> _Problem_
Only the lines of the data below from the one with "ln k / (ln x" through the one with "using k \<open>0" are wanted. Repeat them exactly.

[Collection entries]
------

lemma sum_large_prime_ln_le_sum_higher_power_mangoldt:
  assumes "0 < m" "\<not> simple_prime_above k m"
  shows "(\<Sum>d | d dvd m. large_prime_ln k d) \<le> (\<Sum>d | d dvd m. higher_power_mangoldt d)"
proof -
  define P where "P = {p. p dvd m \<and> prime p \<and> real p > k}"
  have fin: "finite {d. d dvd m}" using assms(1) by simp
  have square_dvd: "p\<^sup>2 dvd m" if "p \<in> P" for p
  proof -
    have "0 < multiplicity p m" "multiplicity p m \<noteq> 1"
      using that assms by (auto simp: P_def simple_prime_above_def prime_multiplicity_gt_zero_iff)
    then show ?thesis by (intro multiplicity_dvd') simp
  qed
  have "(\<Sum>d | d dvd m. large_prime_ln k d) = (\<Sum>p\<in>P. large_prime_ln k p)"
    by (rule sum.mono_neutral_right[OF fin]) (auto simp: P_def large_prime_ln_def)
  also have "\<dots> = (\<Sum>p\<in>P. higher_power_mangoldt (p\<^sup>2))"
    by (intro sum.cong refl) (simp add: P_def large_prime_ln_def higher_power_mangoldt_prime_power)
  also have "\<dots> = (\<Sum>d\<in>power2 ` P. higher_power_mangoldt d)"
    by (rule sum.reindex_cong[symmetric]) (auto simp: inj_on_def power2_eq_iff)
  also have "\<dots> \<le> (\<Sum>d | d dvd m. higher_power_mangoldt d)"
    by (rule sum_mono2[OF fin]) (auto simp: square_dvd higher_power_mangoldt_nonneg)
  finally show ?thesis .
qed

lemma ln_le_sum_divisors_if_not_simple_prime_above:
  assumes "0 < m" "\<not> simple_prime_above k m"
  shows "ln (real m) \<le> (\<Sum>d | d dvd m. small_prime_ln k d + 2 * higher_power_mangoldt d)"
proof -
  have "ln (real m) = (\<Sum>d | d dvd m. (mangoldt d :: real))" using assms(1) by (simp add: mangoldt_sum)
  also have "\<dots> = (\<Sum>d | d dvd m. small_prime_ln k d) + (\<Sum>d | d dvd m. large_prime_ln k d)
      + (\<Sum>d | d dvd m. higher_power_mangoldt d)"
    by (simp add: mangoldt_eq_small_large_higher_power[of _ k] sum.distrib)
  also have "\<dots> \<le> (\<Sum>d | d dvd m. small_prime_ln k d) + 2 * (\<Sum>d | d dvd m. higher_power_mangoldt d)"
    using sum_large_prime_ln_le_sum_higher_power_mangoldt[OF assms] by simp
  also have "\<dots> = (\<Sum>d | d dvd m. small_prime_ln k d + 2 * higher_power_mangoldt d)"
    by (simp add: sum.distrib sum_distrib_left)
  finally show ?thesis .
qed

lemma sum_ln_not_simple_prime_above_le:
  assumes "1 \<le> k"
  shows "(\<Sum>m \<in> {m \<in> {1..N}. \<not> simple_prime_above k m}. ln (real m))
    \<le> real N * (2 * ln k + 2 * (\<Sum>d=1..N. higher_power_mangoldt d / real d))"
proof -
  define F where "F d = small_prime_ln k d + 2 * higher_power_mangoldt d" for d
  have F_nonneg: "0 \<le> F d" for d
    unfolding F_def using small_prime_ln_nonneg higher_power_mangoldt_nonneg by (simp add: add_nonneg_nonneg)
  have "(\<Sum>m \<in> {m \<in> {1..N}. \<not> simple_prime_above k m}. ln (real m))
      \<le> (\<Sum>m \<in> {m \<in> {1..N}. \<not> simple_prime_above k m}. \<Sum>d | d dvd m. F d)"
    unfolding F_def by (intro sum_mono ln_le_sum_divisors_if_not_simple_prime_above) auto
  also have "\<dots> \<le> (\<Sum>m=1..N. \<Sum>d | d dvd m. F d)"
    by (rule sum_mono2) (auto simp: F_nonneg intro: sum_nonneg)
  also have "\<dots> = (\<Sum>d=1..N. F d * real (N div d))" by (rule sum_sum_divisors_eq)
  also have "\<dots> \<le> (\<Sum>d=1..N. F d * (real N / real d))"
    by (intro sum_mono mult_left_mono of_nat_div_le_of_nat F_nonneg)
  also have "\<dots> = real N * ((\<Sum>d=1..N. small_prime_ln k d / real d)
      + 2 * (\<Sum>d=1..N. higher_power_mangoldt d / real d))"
    by (simp add: F_def sum_distrib_left sum.distrib algebra_simps)
  also have "\<dots> \<le> real N * (2 * ln k + 2 * (\<Sum>d=1..N. higher_power_mangoldt d / real d))"
    using sum_small_prime_ln_div_le[of k N] assms by (intro mult_left_mono) auto
  finally show ?thesis .
qed

lemma card_not_simple_prime_above_le:
  assumes "2 \<le> N" "1 \<le> k"
  shows "real (card {m \<in> {1..N}. \<not> simple_prime_above k m})
    \<le> real N * (2 + 4 * ln k + 4 * (\<Sum>d=1..N. higher_power_mangoldt d / real d)) / ln (real N)"
proof -
  define B where "B = {m \<in> {1..N}. \<not> simple_prime_above k m}"
  define S where "S = (\<Sum>d=1..N. higher_power_mangoldt d / real d)"
  have ln_N: "0 < ln (real N)" using assms(1) by simp
  have "real (card B) \<le> sqrt (real N) + 2 * (\<Sum>m\<in>B. ln (real m)) / ln (real N)"
    using assms(1) by (intro card_le_sqrt_add_sum_ln) (auto simp: B_def)
  also have "\<dots> \<le> 2 * real N / ln (real N) + 2 * (real N * (2 * ln k + 2 * S)) / ln (real N)"
    using sqrt_le_two_mult_div_ln[of "real N"] sum_ln_not_simple_prime_above_le[OF assms(2), of N]
      assms(1) ln_N
    by (intro add_mono divide_right_mono mult_left_mono) (auto simp: B_def S_def)
  also have "\<dots> = real N * (2 + 4 * ln k + 4 * S) / ln (real N)"
    by (simp only: add_divide_distrib[symmetric]) (simp add: algebra_simps)
  finally show ?thesis by (simp add: B_def S_def)
qed

lemma density_not_simple_prime_above_le:
  "\<exists>A\<ge>0. \<forall>N k. 2 \<le> N \<longrightarrow> 2 \<le> k \<longrightarrow>
     real (card {m \<in> {1..N}. \<not> simple_prime_above k m}) / real N \<le> A * ln k / ln (real N)"
proof -
  obtain C where C: "\<And>N. (\<Sum>d=1..N. higher_power_mangoldt d / real d) \<le> C"
    using sum_higher_power_mangoldt_div_bounded by blast
  have "0 \<le> C" using C[of 0] by simp
  define A where "A = (2 + 4 * C) / ln 2 + 4"
  have "real (card {m \<in> {1..N}. \<not> simple_prime_above k m}) / real N \<le> A * ln k / ln (real N)"
    if N: "2 \<le> N" and k: "2 \<le> k" for N k
  proof -
    have "2 + 4 * C = (2 + 4 * C) / ln 2 * ln 2" by simp
    also have "\<dots> \<le> (2 + 4 * C) / ln 2 * ln k"
      using \<open>0 \<le> C\<close> k by (intro mult_left_mono) auto
    finally have "2 + 4 * ln k + 4 * (\<Sum>d=1..N. higher_power_mangoldt d / real d) \<le> A * ln k"
      using C[of N] by (simp add: A_def distrib_right)
    then have "real N * (2 + 4 * ln k + 4 * (\<Sum>d=1..N. higher_power_mangoldt d / real d)) / ln (real N)
        \<le> real N * (A * ln k) / ln (real N)"
      using N by (intro divide_right_mono mult_left_mono) auto
    with card_not_simple_prime_above_le[OF N, of k] k
    have "real (card {m \<in> {1..N}. \<not> simple_prime_above k m}) \<le> real N * (A * ln k) / ln (real N)"
      by simp
    then show ?thesis using N by (simp add: field_simps)
  qed
  moreover have "0 \<le> A" using \<open>0 \<le> C\<close> by (simp add: A_def)
  ultimately show ?thesis by blast
qed

lemma one_minus_prob_large_simple_prime:
  assumes "1 \<le> x"
  shows "1 - prob_large_simple_prime x k
    = real (card {m \<in> {1..nat \<lfloor>x\<rfloor>}. \<not> simple_prime_above k m}) / real (nat \<lfloor>x\<rfloor>)"
proof -
  define N where "N = nat \<lfloor>x\<rfloor>"
  have "1 \<le> N" using assms by (simp add: N_def le_nat_floor)
  have "card {m \<in> {1..N}. simple_prime_above k m} + card {m \<in> {1..N}. \<not> simple_prime_above k m}
      = card ({m \<in> {1..N}. simple_prime_above k m} \<union> {m \<in> {1..N}. \<not> simple_prime_above k m})"
    by (rule card_Un_disjoint[symmetric]) auto
  also have "{m \<in> {1..N}. simple_prime_above k m} \<union> {m \<in> {1..N}. \<not> simple_prime_above k m} = {1..N}"
    by auto
  finally have "card {m \<in> {1..N}. simple_prime_above k m} + card {m \<in> {1..N}. \<not> simple_prime_above k m} = N"
    by simp
  then show ?thesis
    using \<open>1 \<le> N\<close> unfolding prob_large_simple_prime_def simple_prime_above_def N_def [symmetric]
    by (simp add: field_simps flip: of_nat_add)
qed

theorem proposition4p2:
  shows "\<exists>C::real. \<forall>x k::real. x \<ge> 2 \<longrightarrow> k \<ge> 2 \<longrightarrow>
           \<bar>prob_large_simple_prime x k - 1\<bar> \<le> C * (ln k / ln x + 1 / k)"
proof -
  obtain A where "0 \<le> A" and A: "\<And>N k. 2 \<le> N \<Longrightarrow> 2 \<le> k \<Longrightarrow>
      real (card {m \<in> {1..N}. \<not> simple_prime_above k m}) / real N \<le> A * ln k / ln (real N)"
    using density_not_simple_prime_above_le by blast
  have "\<bar>prob_large_simple_prime x k - 1\<bar> \<le> 2 * A * (ln k / ln x + 1 / k)"
    if x: "2 \<le> x" and k: "2 \<le> k" for x k :: real
  proof -
    define N where "N = nat \<lfloor>x\<rfloor>"
    have "2 \<le> N" using x by (simp add: N_def le_nat_floor)
    have "\<bar>prob_large_simple_prime x k - 1\<bar>
        = real (card {m \<in> {1..N}. \<not> simple_prime_above k m}) / real N"
      using one_minus_prob_large_simple_prime[of x k] x by (simp add: N_def abs_minus_commute)
    also have "\<dots> \<le> A * ln k / ln (real N)" using A[OF \<open>2 \<le> N\<close> k] .
    also have "\<dots> \<le> A * ln k / (ln x / 2)"
      using ln_le_two_ln_nat_floor[OF x] x k \<open>0 \<le> A\<close>
      by (intro divide_left_mono mult_nonneg_nonneg) (auto simp: N_def)
    also have "\<dots> \<le> 2 * A * (ln k / ln x + 1 / k)"
      using k \<open>0 \<le> A\<close> by (simp add: field_simps)
    finally show ?thesis .
  qed
  then show ?thesis by blast
qed

end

------

> _Answer section_
    also have "\<dots> \<le> A * ln k / (ln x / 2)"
      using ln_le_two_ln_nat_floor[OF x] x k \<open>0 \<le> A\<close>
      by (intro divide_left_mono mult_nonneg_nonneg) (auto simp: N_def)
    also have "\<dots> \<le> 2 * A * (ln k / ln x + 1 / k)"
      using k \<open>0 \<le> A\<close> by (simp add: field_simps)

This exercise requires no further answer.